> _Work to complete_
Exact copies of all the entries below are expected in the answer.
++++++++
(* Let $\mathbf{C}$ be a small 2-category and $\mathbf{D}$ a 2-category with an enhanced factorization system $(\mathcal{E},\mathcal{M})$ such that: $(\mathcal{E},\mathcal{M})$ separates parallel pairs; every 1-cell in $\mathcal{E}$ is a 2-epimorphism and every 1-cell in $\mathcal{M}$ is a 2-monomorphism; and post-composition with 1-cells in $\mathcal{M}$ creates invertible 2-cells. Then $(\mathcal{E}^{\mathbf{C}},\mathcal{M}^{\mathbf{C}})$ is a rigid enhanced factorization system on $\mathbf{D}^{\mathbf{C}}$.
   Context: For a 2-category $\mathbf{A}$, an enhanced factorization system on $\mathbf{A}$ is a pair $(\mathcal{E},\mathcal{M})$ of classes of 1-cells of $\mathbf{A}$, each containing all isomorphisms, such that: (i) every 1-cell $\alpha$ factors (not necessarily uniquely) as $\alpha=\mu\circ\varepsilon$ with $\varepsilon\in\mathcal{E}$, $\mu\in\mathcal{M}$; (ii) given $\varepsilon\colon F\to F'$ in $\mathcal{E}$, $\mu\colon G\to G'$ in $\mathcal{M}$, 1-cells $\alpha\colon F\to G$, $\alpha'\colon F'\to G'$ and an invertible 2-cell $\Psi\colon \alpha'\varepsilon\Rightarrow\mu\alpha$, there is a unique pair $(\delta,\widetilde\Psi)$ with $\delta\colon F'\to G$ a 1-cell and $\widetilde\Psi\colon\alpha'\Rightarrow\mu\delta$ an invertible 2-cell such that $\delta\varepsilon=\alpha$ and the whiskering $\widetilde\Psi\varepsilon=\Psi$; moreover if $\Psi$ is an identity then $\mu\delta=\alpha'$ and $\widetilde\Psi$ is an identity; (iii) given $\varepsilon\colon F\to F'$ in $\mathcal{E}$, $\mu\colon G\to G'$ in $\mathcal{M}$, parallel 1-cells $\alpha_1,\alpha_2\colon F\to G$ and $\alpha_1',\alpha_2'\colon F'\to G'$ with $\alpha_i'\varepsilon=\mu\alpha_i$ ($i=1,2$), and 2-cells $\Phi\colon\alpha_1\Rightarrow\alpha_2$, $\Phi'\colon\alpha_1'\Rightarrow\alpha_2'$ with $\mu\Phi=\Phi'\varepsilon$, let $\delta_i\colon F'\to G$ be the unique 1-cells with $\delta_i\varepsilon=\alpha_i$ and $\mu\delta_i=\alpha_i'$ (from (ii) with identity 2-cell); then there is a unique 2-cell $\Delta\colon\delta_1\Rightarrow\delta_2$ with $\Delta\varepsilon=\Phi$ and $\mu\Delta=\Phi'$. It is rigid if moreover: for 1-cells $\mu\colon F\to G$ in $\mathcal{M}$ and $\alpha\colon G\to F$, if $\mu\alpha\cong\mathrm{id}_G$ (invertible 2-cell) then $\alpha\mu\cong\mathrm{id}_F$. $(\mathcal{E},\mathcal{M})$ separates parallel pairs if whenever $\alpha,\beta\colon F\to G$ are parallel 1-cells for which there exist $\varepsilon\in\mathcal{E}$ with target $F$ and $\alpha\varepsilon=\beta\varepsilon$, and $\mu\in\mathcal{M}$ with source $G$ and $\mu\alpha=\mu\beta$, then $\alpha=\beta$. A 1-cell $\varepsilon\colon F\to G$ is a 2-epimorphism if for all 1-cells $\beta,\beta'\colon G\to H$ and 2-cells $\Psi,\Psi'\colon\beta\Rightarrow\beta'$, $\Psi\varepsilon=\Psi'\varepsilon$ implies $\Psi=\Psi'$. A 1-cell $\mu\colon G\to H$ is a 2-monomorphism if for all 1-cells $\beta,\beta'\colon F\to G$ and 2-cells $\Psi,\Psi'\colon\beta\Rightarrow\beta'$, $\mu\Psi=\mu\Psi'$ implies $\Psi=\Psi'$. Post-composition with a 1-cell $\mu$ creates invertible 2-cells if for all parallel 1-cells $\alpha,\beta$ (composable with $\mu$) and every invertible 2-cell $\Psi\colon\mu\alpha\Rightarrow\mu\beta$ there is a unique invertible 2-cell $\widehat\Psi\colon\alpha\Rightarrow\beta$ with $\mu\widehat\Psi=\Psi$; post-composition with 1-cells in $\mathcal{M}$ creates invertible 2-cells if this holds for every $\mu\in\mathcal{M}$. $\mathbf{D}^{\mathbf{C}}$ is the 2-category of 2-functors $\mathbf{C}\to\mathbf{D}$, 2-natural transformations, and modifications. $\mathcal{E}^{\mathbf{C}}$ (resp. $\mathcal{M}^{\mathbf{C}}$) is the class of 2-natural transformations all of whose components lie in $\mathcal{E}$ (resp. $\mathcal{M}$). *)

theory Defs
  imports "HOL-Library.FuncSet"
begin

section \<open>Strict 2-categories, presented by carriers and partial operations\<close>

record ('o,'m,'t) twocat =
  Obj   :: "'o set"
  Hom1  :: "'m set"
  src1  :: "'m \<Rightarrow> 'o"
  tgt1  :: "'m \<Rightarrow> 'o"
  comp1 :: "'m \<Rightarrow> 'm \<Rightarrow> 'm"   (* comp1 g f = g \<circ> f, defined when tgt1 f = src1 g *)
  id1   :: "'o \<Rightarrow> 'm"
  Hom2  :: "'t set"
  dom2  :: "'t \<Rightarrow> 'm"
  cod2  :: "'t \<Rightarrow> 'm"
  vcomp :: "'t \<Rightarrow> 't \<Rightarrow> 't"   (* vcomp b a = b \<cdot> a, defined when cod2 a = dom2 b *)
  hcomp :: "'t \<Rightarrow> 't \<Rightarrow> 't"   (* hcomp b a = b * a, a over A\<rightarrow>B, b over B\<rightarrow>C *)
  id2   :: "'m \<Rightarrow> 't"

definition arr1 :: "('o,'m,'t,'x) twocat_scheme \<Rightarrow> 'm \<Rightarrow> 'o \<Rightarrow> 'o \<Rightarrow> bool" where
  "arr1 A f X Y \<longleftrightarrow> f \<in> Hom1 A \<and> src1 A f = X \<and> tgt1 A f = Y"

definition arr2 :: "('o,'m,'t,'x) twocat_scheme \<Rightarrow> 't \<Rightarrow> 'm \<Rightarrow> 'm \<Rightarrow> bool" where
  "arr2 A a f g \<longleftrightarrow> a \<in> Hom2 A \<and> dom2 A a = f \<and> cod2 A a = g"

definition lwhisk :: "('o,'m,'t,'x) twocat_scheme \<Rightarrow> 'm \<Rightarrow> 't \<Rightarrow> 't" where
  "lwhisk A m a = hcomp A (id2 A m) a"
definition rwhisk :: "('o,'m,'t,'x) twocat_scheme \<Rightarrow> 't \<Rightarrow> 'm \<Rightarrow> 't" where
  "rwhisk A a e = hcomp A a (id2 A e)"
++++++++
> _Written solution_
(* Let $\mathbf{C}$ be a small 2-category and $\mathbf{D}$ a 2-category with an enhanced factorization system $(\mathcal{E},\mathcal{M})$ such that: $(\mathcal{E},\mathcal{M})$ separates parallel pairs; every 1-cell in $\mathcal{E}$ is a 2-epimorphism and every 1-cell in $\mathcal{M}$ is a 2-monomorphism; and post-composition with 1-cells in $\mathcal{M}$ creates invertible 2-cells. Then $(\mathcal{E}^{\mathbf{C}},\mathcal{M}^{\mathbf{C}})$ is a rigid enhanced factorization system on $\mathbf{D}^{\mathbf{C}}$.
   Context: For a 2-category $\mathbf{A}$, an enhanced factorization system on $\mathbf{A}$ is a pair $(\mathcal{E},\mathcal{M})$ of classes of 1-cells of $\mathbf{A}$, each containing all isomorphisms, such that: (i) every 1-cell $\alpha$ factors (not necessarily uniquely) as $\alpha=\mu\circ\varepsilon$ with $\varepsilon\in\mathcal{E}$, $\mu\in\mathcal{M}$; (ii) given $\varepsilon\colon F\to F'$ in $\mathcal{E}$, $\mu\colon G\to G'$ in $\mathcal{M}$, 1-cells $\alpha\colon F\to G$, $\alpha'\colon F'\to G'$ and an invertible 2-cell $\Psi\colon \alpha'\varepsilon\Rightarrow\mu\alpha$, there is a unique pair $(\delta,\widetilde\Psi)$ with $\delta\colon F'\to G$ a 1-cell and $\widetilde\Psi\colon\alpha'\Rightarrow\mu\delta$ an invertible 2-cell such that $\delta\varepsilon=\alpha$ and the whiskering $\widetilde\Psi\varepsilon=\Psi$; moreover if $\Psi$ is an identity then $\mu\delta=\alpha'$ and $\widetilde\Psi$ is an identity; (iii) given $\varepsilon\colon F\to F'$ in $\mathcal{E}$, $\mu\colon G\to G'$ in $\mathcal{M}$, parallel 1-cells $\alpha_1,\alpha_2\colon F\to G$ and $\alpha_1',\alpha_2'\colon F'\to G'$ with $\alpha_i'\varepsilon=\mu\alpha_i$ ($i=1,2$), and 2-cells $\Phi\colon\alpha_1\Rightarrow\alpha_2$, $\Phi'\colon\alpha_1'\Rightarrow\alpha_2'$ with $\mu\Phi=\Phi'\varepsilon$, let $\delta_i\colon F'\to G$ be the unique 1-cells with $\delta_i\varepsilon=\alpha_i$ and $\mu\delta_i=\alpha_i'$ (from (ii) with identity 2-cell); then there is a unique 2-cell $\Delta\colon\delta_1\Rightarrow\delta_2$ with $\Delta\varepsilon=\Phi$ and $\mu\Delta=\Phi'$. It is rigid if moreover: for 1-cells $\mu\colon F\to G$ in $\mathcal{M}$ and $\alpha\colon G\to F$, if $\mu\alpha\cong\mathrm{id}_G$ (invertible 2-cell) then $\alpha\mu\cong\mathrm{id}_F$. $(\mathcal{E},\mathcal{M})$ separates parallel pairs if whenever $\alpha,\beta\colon F\to G$ are parallel 1-cells for which there exist $\varepsilon\in\mathcal{E}$ with target $F$ and $\alpha\varepsilon=\beta\varepsilon$, and $\mu\in\mathcal{M}$ with source $G$ and $\mu\alpha=\mu\beta$, then $\alpha=\beta$. A 1-cell $\varepsilon\colon F\to G$ is a 2-epimorphism if for all 1-cells $\beta,\beta'\colon G\to H$ and 2-cells $\Psi,\Psi'\colon\beta\Rightarrow\beta'$, $\Psi\varepsilon=\Psi'\varepsilon$ implies $\Psi=\Psi'$. A 1-cell $\mu\colon G\to H$ is a 2-monomorphism if for all 1-cells $\beta,\beta'\colon F\to G$ and 2-cells $\Psi,\Psi'\colon\beta\Rightarrow\beta'$, $\mu\Psi=\mu\Psi'$ implies $\Psi=\Psi'$. Post-composition with a 1-cell $\mu$ creates invertible 2-cells if for all parallel 1-cells $\alpha,\beta$ (composable with $\mu$) and every invertible 2-cell $\Psi\colon\mu\alpha\Rightarrow\mu\beta$ there is a unique invertible 2-cell $\widehat\Psi\colon\alpha\Rightarrow\beta$ with $\mu\widehat\Psi=\Psi$; post-composition with 1-cells in $\mathcal{M}$ creates invertible 2-cells if this holds for every $\mu\in\mathcal{M}$. $\mathbf{D}^{\mathbf{C}}$ is the 2-category of 2-functors $\mathbf{C}\to\mathbf{D}$, 2-natural transformations, and modifications. $\mathcal{E}^{\mathbf{C}}$ (resp. $\mathcal{M}^{\mathbf{C}}$) is the class of 2-natural transformations all of whose components lie in $\mathcal{E}$ (resp. $\mathcal{M}$). *)

theory Defs
  imports "HOL-Library.FuncSet"
begin

section \<open>Strict 2-categories, presented by carriers and partial operations\<close>

record ('o,'m,'t) twocat =
  Obj   :: "'o set"
  Hom1  :: "'m set"
  src1  :: "'m \<Rightarrow> 'o"
  tgt1  :: "'m \<Rightarrow> 'o"
  comp1 :: "'m \<Rightarrow> 'm \<Rightarrow> 'm"   (* comp1 g f = g \<circ> f, defined when tgt1 f = src1 g *)
  id1   :: "'o \<Rightarrow> 'm"
  Hom2  :: "'t set"
  dom2  :: "'t \<Rightarrow> 'm"
  cod2  :: "'t \<Rightarrow> 'm"
  vcomp :: "'t \<Rightarrow> 't \<Rightarrow> 't"   (* vcomp b a = b \<cdot> a, defined when cod2 a = dom2 b *)
  hcomp :: "'t \<Rightarrow> 't \<Rightarrow> 't"   (* hcomp b a = b * a, a over A\<rightarrow>B, b over B\<rightarrow>C *)
  id2   :: "'m \<Rightarrow> 't"

definition arr1 :: "('o,'m,'t,'x) twocat_scheme \<Rightarrow> 'm \<Rightarrow> 'o \<Rightarrow> 'o \<Rightarrow> bool" where
  "arr1 A f X Y \<longleftrightarrow> f \<in> Hom1 A \<and> src1 A f = X \<and> tgt1 A f = Y"

definition arr2 :: "('o,'m,'t,'x) twocat_scheme \<Rightarrow> 't \<Rightarrow> 'm \<Rightarrow> 'm \<Rightarrow> bool" where
  "arr2 A a f g \<longleftrightarrow> a \<in> Hom2 A \<and> dom2 A a = f \<and> cod2 A a = g"

definition lwhisk :: "('o,'m,'t,'x) twocat_scheme \<Rightarrow> 'm \<Rightarrow> 't \<Rightarrow> 't" where
  "lwhisk A m a = hcomp A (id2 A m) a"
definition rwhisk :: "('o,'m,'t,'x) twocat_scheme \<Rightarrow> 't \<Rightarrow> 'm \<Rightarrow> 't" where
  "rwhisk A a e = hcomp A a (id2 A e)"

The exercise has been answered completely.